==== DATA TO EXAMINE

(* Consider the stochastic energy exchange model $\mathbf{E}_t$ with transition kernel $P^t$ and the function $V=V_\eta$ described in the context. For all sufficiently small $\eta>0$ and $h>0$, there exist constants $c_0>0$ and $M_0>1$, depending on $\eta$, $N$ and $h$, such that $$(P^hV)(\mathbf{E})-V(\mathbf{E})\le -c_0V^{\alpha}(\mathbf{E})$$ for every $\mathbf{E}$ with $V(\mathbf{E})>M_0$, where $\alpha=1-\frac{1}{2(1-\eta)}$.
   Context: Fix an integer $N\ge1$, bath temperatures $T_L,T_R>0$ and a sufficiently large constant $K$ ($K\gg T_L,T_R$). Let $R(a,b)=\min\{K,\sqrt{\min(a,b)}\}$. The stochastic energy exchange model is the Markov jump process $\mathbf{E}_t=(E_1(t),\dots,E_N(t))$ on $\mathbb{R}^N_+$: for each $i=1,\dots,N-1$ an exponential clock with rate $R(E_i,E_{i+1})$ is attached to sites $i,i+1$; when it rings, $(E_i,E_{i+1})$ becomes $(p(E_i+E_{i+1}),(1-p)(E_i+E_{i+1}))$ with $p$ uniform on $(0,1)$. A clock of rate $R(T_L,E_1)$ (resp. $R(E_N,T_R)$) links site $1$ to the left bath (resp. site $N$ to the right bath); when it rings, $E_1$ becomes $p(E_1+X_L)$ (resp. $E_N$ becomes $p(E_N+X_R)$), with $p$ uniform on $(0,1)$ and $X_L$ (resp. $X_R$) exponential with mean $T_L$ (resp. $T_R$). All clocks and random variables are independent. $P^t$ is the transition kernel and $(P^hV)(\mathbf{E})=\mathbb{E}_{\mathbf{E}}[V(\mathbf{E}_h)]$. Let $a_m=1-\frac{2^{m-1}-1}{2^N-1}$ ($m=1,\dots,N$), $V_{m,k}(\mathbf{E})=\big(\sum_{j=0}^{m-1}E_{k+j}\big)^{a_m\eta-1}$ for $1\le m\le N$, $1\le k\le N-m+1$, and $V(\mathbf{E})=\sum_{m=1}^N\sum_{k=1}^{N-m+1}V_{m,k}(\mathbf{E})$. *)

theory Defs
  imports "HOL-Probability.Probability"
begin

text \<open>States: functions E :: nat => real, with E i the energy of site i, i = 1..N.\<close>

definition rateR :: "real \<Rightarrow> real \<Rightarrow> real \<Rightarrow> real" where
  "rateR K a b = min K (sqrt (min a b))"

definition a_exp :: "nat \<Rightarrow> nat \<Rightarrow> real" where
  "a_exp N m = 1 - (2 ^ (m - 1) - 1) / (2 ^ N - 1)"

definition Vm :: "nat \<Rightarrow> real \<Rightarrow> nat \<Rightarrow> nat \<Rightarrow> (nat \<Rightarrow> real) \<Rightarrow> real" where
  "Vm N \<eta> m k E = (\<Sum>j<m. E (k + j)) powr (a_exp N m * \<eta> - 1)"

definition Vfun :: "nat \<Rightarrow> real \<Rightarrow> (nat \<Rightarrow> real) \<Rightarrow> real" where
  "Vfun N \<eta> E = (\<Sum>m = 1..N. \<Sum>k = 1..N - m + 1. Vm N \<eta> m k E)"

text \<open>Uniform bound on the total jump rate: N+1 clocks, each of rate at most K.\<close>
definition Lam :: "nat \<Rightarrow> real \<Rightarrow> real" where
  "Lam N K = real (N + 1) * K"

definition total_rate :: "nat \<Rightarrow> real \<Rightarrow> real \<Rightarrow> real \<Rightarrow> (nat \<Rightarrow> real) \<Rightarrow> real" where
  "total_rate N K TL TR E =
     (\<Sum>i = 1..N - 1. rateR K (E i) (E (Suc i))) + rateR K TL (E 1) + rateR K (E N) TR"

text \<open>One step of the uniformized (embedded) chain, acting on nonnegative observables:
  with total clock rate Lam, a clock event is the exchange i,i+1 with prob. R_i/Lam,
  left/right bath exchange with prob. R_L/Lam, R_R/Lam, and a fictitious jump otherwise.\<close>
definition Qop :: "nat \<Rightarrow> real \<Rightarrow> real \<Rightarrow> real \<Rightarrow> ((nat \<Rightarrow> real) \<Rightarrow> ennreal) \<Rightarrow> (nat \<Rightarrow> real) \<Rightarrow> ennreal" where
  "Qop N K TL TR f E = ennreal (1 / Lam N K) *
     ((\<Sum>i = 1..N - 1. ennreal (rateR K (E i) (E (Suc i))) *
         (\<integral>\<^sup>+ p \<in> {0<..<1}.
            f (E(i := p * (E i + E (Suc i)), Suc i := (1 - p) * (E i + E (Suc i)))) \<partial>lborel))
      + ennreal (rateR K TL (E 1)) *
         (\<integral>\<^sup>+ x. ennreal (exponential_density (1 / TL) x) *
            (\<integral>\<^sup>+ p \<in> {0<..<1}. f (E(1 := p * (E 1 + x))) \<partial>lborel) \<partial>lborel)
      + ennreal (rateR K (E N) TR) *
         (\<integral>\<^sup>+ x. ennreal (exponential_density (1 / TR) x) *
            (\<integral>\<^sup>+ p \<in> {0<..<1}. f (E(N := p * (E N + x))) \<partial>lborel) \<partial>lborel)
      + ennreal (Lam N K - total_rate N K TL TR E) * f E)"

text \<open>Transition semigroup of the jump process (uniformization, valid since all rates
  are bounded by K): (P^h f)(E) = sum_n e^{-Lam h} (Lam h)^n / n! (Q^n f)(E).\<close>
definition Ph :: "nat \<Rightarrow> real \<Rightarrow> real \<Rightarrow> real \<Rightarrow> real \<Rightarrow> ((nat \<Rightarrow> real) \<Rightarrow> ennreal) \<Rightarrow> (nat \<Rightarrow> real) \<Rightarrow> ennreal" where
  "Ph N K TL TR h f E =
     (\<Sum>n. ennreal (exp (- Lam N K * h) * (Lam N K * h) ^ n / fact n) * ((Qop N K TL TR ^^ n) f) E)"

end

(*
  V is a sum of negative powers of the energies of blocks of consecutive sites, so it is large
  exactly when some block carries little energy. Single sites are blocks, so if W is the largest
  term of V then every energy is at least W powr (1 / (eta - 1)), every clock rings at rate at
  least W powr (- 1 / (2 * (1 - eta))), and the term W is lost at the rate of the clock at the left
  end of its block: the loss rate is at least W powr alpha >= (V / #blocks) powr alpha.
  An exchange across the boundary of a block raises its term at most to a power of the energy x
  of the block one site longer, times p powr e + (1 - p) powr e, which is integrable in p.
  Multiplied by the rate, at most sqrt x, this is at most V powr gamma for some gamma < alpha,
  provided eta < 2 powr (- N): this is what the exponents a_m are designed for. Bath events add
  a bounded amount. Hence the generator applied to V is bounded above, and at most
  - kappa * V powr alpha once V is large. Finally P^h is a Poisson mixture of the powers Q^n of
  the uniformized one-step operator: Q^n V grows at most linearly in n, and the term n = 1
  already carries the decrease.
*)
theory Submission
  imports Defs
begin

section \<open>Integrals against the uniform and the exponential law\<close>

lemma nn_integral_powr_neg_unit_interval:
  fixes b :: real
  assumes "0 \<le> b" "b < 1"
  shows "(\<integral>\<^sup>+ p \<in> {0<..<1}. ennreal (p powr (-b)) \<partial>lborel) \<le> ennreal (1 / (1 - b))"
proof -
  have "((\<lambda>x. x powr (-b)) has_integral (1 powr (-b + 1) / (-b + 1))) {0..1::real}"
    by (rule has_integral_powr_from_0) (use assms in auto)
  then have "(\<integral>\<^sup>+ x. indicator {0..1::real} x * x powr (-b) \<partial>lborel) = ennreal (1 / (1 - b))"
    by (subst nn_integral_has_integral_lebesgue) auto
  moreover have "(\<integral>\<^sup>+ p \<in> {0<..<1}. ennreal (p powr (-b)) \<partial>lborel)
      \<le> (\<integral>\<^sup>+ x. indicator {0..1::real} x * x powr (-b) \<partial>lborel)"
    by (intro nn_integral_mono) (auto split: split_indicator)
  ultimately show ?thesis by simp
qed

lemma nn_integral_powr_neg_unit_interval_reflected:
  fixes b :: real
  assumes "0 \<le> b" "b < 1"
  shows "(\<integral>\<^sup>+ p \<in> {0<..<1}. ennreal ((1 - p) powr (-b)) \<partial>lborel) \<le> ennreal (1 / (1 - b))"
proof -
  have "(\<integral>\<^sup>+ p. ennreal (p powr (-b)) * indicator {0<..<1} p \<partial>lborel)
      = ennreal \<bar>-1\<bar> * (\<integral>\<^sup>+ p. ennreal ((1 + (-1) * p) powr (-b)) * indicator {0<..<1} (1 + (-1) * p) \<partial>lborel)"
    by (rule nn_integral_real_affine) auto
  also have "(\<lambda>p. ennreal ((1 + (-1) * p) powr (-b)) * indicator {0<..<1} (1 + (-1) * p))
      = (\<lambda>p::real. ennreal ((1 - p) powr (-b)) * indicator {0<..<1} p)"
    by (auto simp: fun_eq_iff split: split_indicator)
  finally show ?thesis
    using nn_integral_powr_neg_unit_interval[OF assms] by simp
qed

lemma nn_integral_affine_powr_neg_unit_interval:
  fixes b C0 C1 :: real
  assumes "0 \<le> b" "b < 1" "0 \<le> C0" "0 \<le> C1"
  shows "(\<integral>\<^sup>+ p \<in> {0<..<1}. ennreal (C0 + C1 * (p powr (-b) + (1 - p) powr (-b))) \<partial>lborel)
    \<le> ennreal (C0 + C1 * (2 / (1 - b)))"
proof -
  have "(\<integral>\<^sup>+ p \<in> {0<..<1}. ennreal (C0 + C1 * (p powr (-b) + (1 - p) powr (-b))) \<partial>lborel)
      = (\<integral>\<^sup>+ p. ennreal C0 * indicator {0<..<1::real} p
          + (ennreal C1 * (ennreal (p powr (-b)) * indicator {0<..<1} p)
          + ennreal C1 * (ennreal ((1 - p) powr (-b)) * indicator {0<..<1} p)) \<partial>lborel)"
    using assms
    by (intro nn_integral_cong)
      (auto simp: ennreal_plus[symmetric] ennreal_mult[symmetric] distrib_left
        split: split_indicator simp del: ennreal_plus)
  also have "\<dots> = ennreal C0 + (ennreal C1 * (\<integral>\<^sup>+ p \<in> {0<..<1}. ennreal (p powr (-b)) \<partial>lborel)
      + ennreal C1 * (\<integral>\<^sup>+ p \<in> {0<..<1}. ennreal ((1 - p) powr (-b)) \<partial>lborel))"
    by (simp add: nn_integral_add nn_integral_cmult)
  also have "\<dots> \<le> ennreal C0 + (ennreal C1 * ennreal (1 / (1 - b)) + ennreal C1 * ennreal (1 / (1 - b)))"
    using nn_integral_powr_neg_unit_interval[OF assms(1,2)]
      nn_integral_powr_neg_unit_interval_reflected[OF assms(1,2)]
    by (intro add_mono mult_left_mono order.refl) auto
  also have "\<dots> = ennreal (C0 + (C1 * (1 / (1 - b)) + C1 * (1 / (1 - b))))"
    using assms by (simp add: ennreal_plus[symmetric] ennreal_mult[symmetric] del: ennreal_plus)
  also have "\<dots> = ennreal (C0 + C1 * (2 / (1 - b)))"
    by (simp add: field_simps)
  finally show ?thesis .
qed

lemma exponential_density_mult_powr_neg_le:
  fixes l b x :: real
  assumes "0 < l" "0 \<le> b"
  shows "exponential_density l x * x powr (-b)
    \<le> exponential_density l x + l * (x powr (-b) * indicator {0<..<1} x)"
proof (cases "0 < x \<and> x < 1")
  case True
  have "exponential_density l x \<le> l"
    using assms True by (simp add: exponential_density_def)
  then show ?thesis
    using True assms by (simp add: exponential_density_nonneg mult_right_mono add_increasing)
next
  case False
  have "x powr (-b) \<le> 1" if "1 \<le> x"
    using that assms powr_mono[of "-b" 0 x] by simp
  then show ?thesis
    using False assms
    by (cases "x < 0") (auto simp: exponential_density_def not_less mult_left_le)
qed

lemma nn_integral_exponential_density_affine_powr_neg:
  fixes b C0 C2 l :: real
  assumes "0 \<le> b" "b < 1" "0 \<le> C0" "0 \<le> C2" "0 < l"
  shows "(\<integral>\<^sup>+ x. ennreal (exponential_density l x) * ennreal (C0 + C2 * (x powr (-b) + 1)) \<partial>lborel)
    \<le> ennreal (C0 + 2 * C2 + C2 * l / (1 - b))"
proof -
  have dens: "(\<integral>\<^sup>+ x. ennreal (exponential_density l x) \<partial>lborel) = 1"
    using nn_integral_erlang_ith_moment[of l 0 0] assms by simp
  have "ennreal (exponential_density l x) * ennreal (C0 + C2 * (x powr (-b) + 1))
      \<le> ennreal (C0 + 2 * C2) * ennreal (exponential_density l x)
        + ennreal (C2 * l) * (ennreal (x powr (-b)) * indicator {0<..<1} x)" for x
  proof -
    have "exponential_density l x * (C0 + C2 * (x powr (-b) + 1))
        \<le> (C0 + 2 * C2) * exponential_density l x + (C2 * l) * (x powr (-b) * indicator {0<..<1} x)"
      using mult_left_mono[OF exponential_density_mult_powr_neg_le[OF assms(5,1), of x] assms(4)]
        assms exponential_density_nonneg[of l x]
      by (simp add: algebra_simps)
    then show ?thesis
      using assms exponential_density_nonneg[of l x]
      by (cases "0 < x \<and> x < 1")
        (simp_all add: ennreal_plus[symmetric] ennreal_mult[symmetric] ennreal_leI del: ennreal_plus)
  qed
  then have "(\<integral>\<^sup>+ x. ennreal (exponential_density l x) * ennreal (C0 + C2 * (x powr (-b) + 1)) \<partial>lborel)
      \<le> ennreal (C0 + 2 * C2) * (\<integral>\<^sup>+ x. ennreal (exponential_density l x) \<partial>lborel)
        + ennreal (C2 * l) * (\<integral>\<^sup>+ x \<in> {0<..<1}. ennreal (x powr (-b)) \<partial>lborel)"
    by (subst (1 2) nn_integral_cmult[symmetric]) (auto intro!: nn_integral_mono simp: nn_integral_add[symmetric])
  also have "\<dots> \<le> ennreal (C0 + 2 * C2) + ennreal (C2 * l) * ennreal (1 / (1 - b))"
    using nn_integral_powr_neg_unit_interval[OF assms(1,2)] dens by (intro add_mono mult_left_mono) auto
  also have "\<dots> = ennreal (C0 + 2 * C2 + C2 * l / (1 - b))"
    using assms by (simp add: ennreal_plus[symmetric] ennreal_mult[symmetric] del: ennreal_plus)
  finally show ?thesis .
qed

========

(TASK DETAILS)
Once you have read through the entries, say how many of their lines include the string "term" and give nothing but that number.

(REPLY)
4